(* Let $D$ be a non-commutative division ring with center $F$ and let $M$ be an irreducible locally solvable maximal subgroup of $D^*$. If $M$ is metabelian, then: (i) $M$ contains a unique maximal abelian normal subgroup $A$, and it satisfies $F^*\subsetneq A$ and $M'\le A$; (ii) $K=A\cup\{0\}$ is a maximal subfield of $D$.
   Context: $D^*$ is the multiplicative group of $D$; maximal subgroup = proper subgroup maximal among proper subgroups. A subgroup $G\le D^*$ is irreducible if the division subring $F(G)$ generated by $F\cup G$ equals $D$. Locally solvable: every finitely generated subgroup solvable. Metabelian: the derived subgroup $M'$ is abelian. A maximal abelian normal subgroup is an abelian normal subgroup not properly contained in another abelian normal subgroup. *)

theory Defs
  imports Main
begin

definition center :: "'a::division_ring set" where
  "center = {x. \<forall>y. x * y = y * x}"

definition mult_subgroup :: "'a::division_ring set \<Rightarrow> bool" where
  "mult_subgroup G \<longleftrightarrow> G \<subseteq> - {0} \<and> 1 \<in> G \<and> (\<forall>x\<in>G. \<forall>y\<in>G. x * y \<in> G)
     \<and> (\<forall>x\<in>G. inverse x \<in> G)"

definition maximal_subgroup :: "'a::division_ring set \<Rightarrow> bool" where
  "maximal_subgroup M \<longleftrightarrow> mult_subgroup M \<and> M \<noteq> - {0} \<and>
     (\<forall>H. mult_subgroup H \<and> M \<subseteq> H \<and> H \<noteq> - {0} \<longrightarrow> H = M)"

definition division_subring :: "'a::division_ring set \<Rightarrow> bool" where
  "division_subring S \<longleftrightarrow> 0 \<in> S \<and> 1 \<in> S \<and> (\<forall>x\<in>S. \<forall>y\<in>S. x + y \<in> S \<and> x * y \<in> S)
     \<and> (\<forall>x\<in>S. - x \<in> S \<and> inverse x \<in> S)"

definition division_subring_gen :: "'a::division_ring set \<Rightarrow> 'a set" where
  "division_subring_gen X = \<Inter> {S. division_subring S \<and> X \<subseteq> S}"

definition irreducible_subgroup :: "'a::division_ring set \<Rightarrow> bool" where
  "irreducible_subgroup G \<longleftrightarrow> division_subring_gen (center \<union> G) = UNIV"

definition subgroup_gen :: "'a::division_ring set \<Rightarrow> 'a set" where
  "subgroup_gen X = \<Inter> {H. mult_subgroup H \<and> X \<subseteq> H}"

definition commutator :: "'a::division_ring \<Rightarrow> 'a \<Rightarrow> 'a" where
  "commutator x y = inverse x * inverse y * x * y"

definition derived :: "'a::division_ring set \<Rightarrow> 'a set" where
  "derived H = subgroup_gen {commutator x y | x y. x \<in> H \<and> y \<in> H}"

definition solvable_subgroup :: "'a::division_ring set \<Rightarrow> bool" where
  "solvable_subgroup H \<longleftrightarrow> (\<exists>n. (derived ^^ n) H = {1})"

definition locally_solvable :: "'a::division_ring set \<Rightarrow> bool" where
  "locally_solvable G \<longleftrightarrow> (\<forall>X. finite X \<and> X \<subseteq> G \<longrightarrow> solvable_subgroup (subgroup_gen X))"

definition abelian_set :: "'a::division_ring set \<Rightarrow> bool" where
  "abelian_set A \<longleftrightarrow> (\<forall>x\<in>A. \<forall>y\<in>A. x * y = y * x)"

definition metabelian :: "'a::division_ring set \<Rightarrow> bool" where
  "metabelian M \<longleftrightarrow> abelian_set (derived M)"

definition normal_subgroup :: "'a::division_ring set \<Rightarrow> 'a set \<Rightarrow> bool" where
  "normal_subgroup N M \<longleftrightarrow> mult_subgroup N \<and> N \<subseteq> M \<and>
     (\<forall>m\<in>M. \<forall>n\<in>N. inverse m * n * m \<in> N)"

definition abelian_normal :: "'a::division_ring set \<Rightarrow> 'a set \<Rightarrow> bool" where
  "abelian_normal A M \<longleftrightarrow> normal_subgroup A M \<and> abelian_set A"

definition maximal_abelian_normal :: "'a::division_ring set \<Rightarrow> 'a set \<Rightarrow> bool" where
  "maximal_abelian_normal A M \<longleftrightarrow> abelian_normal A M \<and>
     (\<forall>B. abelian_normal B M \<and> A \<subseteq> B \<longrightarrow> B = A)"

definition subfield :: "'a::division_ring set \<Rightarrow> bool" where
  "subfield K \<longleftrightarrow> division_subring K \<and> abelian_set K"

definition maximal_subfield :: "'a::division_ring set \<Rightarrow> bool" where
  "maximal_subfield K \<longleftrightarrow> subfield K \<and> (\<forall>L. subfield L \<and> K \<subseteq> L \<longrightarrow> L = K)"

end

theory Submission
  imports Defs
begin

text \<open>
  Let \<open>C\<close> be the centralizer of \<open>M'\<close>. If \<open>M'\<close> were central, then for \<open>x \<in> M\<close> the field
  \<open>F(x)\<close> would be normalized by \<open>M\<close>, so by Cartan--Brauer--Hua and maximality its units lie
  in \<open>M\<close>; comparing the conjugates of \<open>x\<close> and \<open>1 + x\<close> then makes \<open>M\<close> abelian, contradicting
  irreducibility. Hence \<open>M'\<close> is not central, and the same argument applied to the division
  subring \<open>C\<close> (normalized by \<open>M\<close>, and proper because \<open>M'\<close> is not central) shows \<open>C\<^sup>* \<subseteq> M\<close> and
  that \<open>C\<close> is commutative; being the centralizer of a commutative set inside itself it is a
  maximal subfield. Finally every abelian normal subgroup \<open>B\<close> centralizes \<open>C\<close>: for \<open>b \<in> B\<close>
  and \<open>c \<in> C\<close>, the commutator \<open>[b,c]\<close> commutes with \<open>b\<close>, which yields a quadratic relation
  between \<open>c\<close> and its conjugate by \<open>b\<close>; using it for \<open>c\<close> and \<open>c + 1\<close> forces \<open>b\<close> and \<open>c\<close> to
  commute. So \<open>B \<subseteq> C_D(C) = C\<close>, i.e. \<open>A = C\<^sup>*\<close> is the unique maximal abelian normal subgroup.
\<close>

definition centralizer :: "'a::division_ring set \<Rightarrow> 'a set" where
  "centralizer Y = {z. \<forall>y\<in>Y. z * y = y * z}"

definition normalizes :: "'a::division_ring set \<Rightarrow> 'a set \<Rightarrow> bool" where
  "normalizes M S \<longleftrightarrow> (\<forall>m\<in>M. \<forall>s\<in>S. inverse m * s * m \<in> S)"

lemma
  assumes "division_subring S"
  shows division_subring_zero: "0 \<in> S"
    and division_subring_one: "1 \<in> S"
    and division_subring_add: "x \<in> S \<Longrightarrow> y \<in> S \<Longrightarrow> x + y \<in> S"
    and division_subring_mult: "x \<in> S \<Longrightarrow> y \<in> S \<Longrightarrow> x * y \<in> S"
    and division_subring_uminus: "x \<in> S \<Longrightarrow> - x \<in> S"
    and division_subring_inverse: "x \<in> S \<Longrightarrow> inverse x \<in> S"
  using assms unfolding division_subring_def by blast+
*-*-*
**WORK REQUIRED**
Count every line in the records that holds "noteq" and give that count by itself.

**YOUR SOLUTION**
2